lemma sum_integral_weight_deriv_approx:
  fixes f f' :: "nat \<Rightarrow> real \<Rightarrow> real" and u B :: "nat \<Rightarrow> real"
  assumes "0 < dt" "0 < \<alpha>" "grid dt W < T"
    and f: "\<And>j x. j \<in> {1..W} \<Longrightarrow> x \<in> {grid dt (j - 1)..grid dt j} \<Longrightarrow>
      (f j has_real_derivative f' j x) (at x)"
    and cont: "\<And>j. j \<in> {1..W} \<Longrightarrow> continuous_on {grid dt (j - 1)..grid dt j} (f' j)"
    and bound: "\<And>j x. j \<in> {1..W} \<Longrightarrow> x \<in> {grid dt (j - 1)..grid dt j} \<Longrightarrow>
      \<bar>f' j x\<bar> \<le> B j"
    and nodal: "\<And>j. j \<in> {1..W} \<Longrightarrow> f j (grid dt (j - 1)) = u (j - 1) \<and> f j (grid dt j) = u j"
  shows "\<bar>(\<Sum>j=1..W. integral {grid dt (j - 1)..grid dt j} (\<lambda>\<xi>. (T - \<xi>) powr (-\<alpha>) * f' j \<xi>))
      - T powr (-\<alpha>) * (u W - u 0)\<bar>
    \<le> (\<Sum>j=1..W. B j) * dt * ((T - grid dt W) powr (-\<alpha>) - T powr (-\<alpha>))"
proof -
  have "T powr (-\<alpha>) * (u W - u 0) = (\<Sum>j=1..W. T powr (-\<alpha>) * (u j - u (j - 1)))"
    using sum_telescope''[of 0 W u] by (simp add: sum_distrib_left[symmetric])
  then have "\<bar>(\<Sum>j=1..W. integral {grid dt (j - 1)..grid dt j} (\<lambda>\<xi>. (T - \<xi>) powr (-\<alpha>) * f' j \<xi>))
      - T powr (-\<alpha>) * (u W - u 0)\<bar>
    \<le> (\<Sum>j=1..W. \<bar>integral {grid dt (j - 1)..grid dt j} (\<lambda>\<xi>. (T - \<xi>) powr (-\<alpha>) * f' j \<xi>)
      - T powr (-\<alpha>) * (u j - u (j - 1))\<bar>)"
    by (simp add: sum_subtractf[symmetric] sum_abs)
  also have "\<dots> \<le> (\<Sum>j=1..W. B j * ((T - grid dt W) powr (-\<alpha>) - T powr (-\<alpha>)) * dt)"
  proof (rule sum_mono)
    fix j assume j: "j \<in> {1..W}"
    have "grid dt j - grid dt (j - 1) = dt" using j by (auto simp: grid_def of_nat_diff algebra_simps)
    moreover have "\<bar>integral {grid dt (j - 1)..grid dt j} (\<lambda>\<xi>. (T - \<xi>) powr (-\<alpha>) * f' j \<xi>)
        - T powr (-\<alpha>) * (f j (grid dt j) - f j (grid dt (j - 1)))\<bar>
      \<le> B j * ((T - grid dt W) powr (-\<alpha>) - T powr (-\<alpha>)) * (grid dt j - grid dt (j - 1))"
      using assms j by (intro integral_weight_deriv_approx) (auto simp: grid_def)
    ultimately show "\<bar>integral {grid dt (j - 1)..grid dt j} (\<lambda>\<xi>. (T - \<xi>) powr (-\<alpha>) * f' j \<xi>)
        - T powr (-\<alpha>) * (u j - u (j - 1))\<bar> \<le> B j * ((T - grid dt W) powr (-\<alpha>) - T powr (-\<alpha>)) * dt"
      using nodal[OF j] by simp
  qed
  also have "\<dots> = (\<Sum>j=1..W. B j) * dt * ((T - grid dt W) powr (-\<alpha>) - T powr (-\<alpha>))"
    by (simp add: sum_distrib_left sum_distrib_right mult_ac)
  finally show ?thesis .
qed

--

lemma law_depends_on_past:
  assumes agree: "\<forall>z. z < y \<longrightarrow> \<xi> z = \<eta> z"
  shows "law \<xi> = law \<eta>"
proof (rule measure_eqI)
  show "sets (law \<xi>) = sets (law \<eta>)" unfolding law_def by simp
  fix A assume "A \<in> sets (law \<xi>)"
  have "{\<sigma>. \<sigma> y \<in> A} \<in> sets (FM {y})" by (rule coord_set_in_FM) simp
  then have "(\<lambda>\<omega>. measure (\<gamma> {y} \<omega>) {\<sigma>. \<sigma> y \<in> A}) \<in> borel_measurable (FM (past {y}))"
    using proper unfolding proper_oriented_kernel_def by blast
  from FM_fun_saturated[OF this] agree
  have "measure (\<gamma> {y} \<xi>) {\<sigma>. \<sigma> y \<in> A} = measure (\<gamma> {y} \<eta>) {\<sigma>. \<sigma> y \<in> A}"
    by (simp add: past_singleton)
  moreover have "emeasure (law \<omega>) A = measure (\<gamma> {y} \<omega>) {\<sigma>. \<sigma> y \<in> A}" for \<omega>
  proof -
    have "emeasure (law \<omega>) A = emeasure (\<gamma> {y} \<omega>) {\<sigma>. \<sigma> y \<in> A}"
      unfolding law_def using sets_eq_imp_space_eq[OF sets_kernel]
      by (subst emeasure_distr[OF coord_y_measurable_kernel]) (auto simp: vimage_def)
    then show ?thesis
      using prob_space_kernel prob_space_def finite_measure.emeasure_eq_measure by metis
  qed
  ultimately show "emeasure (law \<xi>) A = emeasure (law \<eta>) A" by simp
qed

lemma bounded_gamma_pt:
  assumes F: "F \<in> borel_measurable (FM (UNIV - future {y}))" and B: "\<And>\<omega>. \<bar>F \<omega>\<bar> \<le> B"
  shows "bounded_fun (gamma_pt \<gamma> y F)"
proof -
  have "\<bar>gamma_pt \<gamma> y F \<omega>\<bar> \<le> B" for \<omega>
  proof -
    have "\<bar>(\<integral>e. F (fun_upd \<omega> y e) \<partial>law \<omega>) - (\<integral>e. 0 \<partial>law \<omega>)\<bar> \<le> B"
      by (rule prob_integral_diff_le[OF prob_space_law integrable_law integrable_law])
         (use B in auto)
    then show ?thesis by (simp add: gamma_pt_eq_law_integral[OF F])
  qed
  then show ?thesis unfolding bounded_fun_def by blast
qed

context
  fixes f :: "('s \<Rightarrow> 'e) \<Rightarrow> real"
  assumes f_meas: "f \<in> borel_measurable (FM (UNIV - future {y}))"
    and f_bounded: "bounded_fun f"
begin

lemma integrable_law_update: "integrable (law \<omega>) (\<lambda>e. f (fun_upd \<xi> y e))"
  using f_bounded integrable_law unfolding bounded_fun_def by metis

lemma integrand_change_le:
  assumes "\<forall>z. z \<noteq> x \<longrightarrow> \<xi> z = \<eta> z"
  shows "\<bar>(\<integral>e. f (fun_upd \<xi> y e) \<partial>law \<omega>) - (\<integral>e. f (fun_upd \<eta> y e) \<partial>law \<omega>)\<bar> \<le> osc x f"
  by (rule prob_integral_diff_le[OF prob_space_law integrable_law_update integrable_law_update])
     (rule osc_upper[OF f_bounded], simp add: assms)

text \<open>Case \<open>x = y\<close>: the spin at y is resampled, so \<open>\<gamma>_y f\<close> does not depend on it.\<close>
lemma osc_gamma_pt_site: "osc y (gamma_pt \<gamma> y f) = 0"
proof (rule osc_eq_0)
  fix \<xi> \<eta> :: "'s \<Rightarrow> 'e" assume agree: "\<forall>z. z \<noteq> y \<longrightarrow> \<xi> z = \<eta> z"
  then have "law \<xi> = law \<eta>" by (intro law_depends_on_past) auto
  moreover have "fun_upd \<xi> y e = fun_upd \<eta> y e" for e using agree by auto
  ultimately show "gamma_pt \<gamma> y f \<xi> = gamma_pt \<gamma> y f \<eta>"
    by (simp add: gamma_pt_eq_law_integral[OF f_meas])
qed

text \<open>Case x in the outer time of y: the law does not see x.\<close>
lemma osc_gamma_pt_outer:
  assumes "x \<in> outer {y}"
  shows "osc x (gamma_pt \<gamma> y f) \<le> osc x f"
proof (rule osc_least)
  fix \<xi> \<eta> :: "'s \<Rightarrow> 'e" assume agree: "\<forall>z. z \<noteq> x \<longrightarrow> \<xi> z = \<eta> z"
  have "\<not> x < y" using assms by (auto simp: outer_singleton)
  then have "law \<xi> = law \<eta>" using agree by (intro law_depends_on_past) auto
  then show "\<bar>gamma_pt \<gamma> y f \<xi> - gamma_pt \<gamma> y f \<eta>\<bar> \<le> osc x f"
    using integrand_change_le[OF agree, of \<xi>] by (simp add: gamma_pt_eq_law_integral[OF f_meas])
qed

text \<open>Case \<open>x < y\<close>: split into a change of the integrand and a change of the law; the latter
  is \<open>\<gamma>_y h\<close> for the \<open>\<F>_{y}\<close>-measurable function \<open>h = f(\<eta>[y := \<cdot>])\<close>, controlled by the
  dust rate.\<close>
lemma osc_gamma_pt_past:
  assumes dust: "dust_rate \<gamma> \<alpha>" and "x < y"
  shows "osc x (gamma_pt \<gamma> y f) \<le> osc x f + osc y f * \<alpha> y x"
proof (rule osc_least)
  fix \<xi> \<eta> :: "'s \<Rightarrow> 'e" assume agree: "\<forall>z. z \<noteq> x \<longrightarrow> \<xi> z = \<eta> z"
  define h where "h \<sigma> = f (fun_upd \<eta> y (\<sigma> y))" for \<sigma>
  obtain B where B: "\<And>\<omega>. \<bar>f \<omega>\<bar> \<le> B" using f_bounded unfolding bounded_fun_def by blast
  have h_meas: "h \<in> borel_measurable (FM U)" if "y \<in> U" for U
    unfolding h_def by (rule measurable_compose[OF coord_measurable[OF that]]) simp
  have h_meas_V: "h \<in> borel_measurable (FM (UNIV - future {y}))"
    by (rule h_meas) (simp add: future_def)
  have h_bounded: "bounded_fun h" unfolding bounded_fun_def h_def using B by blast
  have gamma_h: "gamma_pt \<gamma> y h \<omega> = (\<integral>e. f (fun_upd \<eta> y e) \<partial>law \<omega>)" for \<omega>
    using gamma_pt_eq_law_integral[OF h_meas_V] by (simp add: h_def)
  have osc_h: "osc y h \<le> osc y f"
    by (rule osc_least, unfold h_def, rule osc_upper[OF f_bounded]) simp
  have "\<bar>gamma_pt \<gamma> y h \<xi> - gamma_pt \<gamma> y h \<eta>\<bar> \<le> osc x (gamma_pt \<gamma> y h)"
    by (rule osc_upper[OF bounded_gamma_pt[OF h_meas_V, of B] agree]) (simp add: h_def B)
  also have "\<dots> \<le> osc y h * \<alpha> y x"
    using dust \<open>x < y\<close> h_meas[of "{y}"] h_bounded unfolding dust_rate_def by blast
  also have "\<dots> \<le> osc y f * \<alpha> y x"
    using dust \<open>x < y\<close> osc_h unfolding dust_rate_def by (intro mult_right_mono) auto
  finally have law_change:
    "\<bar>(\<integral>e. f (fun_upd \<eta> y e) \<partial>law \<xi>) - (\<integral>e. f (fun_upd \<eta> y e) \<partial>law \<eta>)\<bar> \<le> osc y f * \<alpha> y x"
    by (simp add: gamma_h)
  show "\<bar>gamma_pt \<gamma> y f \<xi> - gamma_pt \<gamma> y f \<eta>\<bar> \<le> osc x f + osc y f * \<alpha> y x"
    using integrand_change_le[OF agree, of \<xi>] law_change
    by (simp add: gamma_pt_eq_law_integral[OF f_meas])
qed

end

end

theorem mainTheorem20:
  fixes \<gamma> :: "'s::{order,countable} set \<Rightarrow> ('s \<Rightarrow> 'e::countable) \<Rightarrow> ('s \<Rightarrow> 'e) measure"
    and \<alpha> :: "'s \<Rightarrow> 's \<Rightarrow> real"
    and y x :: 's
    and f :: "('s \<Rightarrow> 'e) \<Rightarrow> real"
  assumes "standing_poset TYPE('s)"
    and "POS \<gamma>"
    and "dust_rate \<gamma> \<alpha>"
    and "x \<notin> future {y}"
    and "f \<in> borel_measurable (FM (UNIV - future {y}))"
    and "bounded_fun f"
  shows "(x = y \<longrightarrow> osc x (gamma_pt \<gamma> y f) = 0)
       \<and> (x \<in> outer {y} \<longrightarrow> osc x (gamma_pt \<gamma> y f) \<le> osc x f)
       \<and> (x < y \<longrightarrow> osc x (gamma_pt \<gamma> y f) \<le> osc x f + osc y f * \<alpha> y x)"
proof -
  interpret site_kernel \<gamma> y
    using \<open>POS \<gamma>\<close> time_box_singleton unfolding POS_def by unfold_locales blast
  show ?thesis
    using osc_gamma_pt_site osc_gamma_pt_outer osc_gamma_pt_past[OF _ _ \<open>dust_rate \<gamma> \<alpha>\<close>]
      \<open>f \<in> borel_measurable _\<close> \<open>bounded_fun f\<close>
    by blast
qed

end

* * *

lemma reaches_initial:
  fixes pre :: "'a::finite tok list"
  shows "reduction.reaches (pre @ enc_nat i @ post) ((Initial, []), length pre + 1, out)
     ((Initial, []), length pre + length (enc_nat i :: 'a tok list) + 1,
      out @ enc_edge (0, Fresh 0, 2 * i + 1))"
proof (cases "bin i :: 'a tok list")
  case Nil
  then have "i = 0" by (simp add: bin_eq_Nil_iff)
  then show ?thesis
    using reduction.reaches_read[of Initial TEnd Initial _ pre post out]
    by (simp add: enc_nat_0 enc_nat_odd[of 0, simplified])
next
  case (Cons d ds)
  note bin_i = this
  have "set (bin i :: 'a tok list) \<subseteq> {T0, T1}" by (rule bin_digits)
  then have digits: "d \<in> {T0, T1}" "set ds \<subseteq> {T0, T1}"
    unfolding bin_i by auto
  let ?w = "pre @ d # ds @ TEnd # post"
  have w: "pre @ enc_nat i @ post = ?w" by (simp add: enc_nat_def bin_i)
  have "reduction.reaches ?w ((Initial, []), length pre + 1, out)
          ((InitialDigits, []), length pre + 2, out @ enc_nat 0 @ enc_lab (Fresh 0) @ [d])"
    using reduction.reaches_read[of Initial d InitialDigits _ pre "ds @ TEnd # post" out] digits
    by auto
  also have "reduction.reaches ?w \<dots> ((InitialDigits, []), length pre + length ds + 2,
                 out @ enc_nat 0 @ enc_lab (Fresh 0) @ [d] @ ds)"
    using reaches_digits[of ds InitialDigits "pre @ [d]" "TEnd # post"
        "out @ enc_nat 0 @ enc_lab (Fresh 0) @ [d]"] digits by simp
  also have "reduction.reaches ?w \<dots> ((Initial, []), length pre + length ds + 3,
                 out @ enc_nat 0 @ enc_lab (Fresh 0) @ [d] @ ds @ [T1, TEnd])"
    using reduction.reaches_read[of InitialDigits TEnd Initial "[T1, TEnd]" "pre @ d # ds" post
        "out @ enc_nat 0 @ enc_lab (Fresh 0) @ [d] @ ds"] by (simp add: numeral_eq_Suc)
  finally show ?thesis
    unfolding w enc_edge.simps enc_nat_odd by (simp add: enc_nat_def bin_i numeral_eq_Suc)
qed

» Requirement: The response must hold only the lines above from the line with "(gamma_pt \<gamma> y f) = 0)" through the line with "interpret site_kernel \<gamma> y", each copied exactly, both ends kept.

» Output of the exercise:
  shows "(x = y \<longrightarrow> osc x (gamma_pt \<gamma> y f) = 0)
       \<and> (x \<in> outer {y} \<longrightarrow> osc x (gamma_pt \<gamma> y f) \<le> osc x f)
       \<and> (x < y \<longrightarrow> osc x (gamma_pt \<gamma> y f) \<le> osc x f + osc y f * \<alpha> y x)"
proof -
  interpret site_kernel \<gamma> y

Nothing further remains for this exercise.